**Task instructions:** Within the material below, locate the line with "TApp (ttsubst k" and the line with "i else BVar", then return those two lines and all lines between them, exactly as written.

**Source data:**
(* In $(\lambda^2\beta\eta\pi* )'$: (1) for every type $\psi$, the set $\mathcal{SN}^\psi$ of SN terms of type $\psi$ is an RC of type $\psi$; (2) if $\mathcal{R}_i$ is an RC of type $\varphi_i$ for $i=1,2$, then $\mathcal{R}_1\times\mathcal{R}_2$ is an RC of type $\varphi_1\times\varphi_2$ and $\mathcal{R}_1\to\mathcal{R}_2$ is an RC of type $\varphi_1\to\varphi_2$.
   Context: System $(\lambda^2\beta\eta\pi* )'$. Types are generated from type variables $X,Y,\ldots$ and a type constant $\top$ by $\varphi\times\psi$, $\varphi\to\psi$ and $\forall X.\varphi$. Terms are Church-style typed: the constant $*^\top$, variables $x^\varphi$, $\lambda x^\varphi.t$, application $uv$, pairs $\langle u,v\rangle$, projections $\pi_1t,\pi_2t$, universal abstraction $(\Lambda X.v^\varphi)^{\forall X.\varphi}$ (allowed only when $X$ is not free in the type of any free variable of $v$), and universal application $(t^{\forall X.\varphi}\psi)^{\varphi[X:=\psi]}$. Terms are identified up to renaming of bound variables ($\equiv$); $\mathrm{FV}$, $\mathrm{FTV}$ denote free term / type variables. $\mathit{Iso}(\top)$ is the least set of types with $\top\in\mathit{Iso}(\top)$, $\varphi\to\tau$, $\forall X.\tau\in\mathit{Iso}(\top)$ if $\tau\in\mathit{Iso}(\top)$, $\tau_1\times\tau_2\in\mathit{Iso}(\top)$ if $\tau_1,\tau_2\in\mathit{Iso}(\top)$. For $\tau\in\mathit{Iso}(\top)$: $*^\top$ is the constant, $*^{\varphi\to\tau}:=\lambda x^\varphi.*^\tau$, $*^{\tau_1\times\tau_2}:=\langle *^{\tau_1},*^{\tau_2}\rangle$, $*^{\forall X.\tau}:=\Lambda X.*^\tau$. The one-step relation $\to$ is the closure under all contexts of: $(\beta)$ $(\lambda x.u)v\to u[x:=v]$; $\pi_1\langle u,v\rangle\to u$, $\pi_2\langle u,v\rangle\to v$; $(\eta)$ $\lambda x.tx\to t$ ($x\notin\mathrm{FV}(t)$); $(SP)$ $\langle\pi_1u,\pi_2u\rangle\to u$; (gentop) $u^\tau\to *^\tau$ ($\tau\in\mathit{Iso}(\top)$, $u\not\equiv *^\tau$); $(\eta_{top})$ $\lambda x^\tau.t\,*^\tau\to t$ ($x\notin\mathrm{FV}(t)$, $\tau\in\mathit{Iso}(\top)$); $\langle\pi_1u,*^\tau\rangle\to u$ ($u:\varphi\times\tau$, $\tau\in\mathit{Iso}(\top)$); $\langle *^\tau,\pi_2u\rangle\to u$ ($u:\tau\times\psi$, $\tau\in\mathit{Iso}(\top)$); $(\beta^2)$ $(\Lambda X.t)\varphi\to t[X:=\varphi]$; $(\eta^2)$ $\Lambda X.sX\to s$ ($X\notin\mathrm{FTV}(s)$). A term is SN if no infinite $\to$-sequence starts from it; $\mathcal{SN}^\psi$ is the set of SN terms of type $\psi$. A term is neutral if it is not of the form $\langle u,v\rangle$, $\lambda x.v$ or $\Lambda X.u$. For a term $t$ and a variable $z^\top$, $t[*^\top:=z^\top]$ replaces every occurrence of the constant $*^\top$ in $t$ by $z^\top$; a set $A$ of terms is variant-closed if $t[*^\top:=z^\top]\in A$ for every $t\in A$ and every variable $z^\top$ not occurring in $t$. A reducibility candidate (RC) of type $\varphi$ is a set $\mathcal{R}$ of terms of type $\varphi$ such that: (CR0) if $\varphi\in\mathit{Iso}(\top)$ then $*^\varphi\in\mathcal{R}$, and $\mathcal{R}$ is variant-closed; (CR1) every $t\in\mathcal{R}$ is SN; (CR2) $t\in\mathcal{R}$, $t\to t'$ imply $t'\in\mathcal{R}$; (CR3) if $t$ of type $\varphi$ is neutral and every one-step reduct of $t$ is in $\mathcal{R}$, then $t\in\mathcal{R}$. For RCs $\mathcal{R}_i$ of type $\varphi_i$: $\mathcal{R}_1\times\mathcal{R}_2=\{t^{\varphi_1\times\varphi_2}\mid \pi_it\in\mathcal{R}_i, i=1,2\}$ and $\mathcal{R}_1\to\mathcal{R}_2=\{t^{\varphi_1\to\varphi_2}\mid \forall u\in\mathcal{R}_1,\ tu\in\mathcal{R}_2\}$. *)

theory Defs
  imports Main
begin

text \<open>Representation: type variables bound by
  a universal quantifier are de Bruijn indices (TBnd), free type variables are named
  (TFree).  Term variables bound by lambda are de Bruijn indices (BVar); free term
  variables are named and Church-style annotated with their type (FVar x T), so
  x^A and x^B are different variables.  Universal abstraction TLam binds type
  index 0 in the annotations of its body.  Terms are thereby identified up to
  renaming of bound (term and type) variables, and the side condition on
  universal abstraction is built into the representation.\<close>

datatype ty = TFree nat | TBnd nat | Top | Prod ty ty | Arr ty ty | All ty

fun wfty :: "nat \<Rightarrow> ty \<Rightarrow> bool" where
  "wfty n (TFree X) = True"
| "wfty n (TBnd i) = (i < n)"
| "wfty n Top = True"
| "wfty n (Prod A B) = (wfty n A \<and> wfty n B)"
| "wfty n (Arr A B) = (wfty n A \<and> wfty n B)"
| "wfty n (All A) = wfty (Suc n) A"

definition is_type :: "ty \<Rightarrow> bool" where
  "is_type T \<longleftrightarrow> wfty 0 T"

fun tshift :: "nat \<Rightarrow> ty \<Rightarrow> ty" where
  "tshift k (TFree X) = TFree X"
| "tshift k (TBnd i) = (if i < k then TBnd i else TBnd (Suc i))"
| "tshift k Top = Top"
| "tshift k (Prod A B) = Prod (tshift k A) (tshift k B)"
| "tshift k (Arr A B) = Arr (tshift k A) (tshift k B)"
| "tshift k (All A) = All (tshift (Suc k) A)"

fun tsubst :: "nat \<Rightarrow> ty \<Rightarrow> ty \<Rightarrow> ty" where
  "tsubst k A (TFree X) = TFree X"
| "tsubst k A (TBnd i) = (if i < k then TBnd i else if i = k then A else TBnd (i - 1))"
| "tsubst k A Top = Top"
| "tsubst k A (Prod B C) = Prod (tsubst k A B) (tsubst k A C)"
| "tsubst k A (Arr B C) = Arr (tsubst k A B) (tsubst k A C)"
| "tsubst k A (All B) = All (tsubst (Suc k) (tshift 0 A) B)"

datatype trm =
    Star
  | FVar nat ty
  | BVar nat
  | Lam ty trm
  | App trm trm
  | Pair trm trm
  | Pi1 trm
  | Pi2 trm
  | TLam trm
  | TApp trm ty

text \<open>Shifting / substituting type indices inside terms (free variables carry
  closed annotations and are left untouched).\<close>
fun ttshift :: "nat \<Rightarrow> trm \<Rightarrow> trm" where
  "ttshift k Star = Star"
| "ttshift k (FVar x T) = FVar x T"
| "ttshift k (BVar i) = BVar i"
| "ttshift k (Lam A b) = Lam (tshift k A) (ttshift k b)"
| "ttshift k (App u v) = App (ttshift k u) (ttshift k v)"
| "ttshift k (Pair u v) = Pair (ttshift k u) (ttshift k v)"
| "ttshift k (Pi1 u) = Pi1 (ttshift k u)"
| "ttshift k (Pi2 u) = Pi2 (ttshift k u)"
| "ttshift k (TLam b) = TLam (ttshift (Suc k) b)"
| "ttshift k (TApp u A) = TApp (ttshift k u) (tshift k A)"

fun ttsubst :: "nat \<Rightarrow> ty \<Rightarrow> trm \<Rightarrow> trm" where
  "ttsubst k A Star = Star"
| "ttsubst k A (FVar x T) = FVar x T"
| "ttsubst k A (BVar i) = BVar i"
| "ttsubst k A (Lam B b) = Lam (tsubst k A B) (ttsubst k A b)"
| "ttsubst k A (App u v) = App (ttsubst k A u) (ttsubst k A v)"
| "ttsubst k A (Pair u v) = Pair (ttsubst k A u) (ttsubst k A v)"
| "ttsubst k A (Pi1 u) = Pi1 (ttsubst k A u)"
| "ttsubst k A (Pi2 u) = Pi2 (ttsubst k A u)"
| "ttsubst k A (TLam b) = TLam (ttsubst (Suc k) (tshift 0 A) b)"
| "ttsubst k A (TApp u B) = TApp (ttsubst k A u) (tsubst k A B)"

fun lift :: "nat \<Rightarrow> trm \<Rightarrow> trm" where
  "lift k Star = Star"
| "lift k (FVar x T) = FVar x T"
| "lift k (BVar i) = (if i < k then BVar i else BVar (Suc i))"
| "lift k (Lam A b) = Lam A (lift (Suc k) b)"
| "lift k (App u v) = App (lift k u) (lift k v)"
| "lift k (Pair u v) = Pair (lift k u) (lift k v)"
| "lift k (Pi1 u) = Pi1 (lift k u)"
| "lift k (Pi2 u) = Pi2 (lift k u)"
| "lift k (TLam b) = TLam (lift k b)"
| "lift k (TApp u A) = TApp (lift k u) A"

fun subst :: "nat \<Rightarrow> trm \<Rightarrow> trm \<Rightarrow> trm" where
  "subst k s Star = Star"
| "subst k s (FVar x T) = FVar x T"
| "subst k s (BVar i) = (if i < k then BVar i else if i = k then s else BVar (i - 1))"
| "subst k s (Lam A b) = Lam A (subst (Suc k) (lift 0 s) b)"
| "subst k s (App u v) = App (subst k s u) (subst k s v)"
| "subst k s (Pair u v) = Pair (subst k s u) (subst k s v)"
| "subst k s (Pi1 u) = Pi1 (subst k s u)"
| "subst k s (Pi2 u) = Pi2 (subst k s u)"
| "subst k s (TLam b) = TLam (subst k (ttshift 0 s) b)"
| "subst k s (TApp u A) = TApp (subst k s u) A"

**Problem solution:**
| "ttsubst k A (TApp u B) = TApp (ttsubst k A u) (tsubst k A B)"

fun lift :: "nat \<Rightarrow> trm \<Rightarrow> trm" where
  "lift k Star = Star"
| "lift k (FVar x T) = FVar x T"
| "lift k (BVar i) = (if i < k then BVar i else BVar (Suc i))"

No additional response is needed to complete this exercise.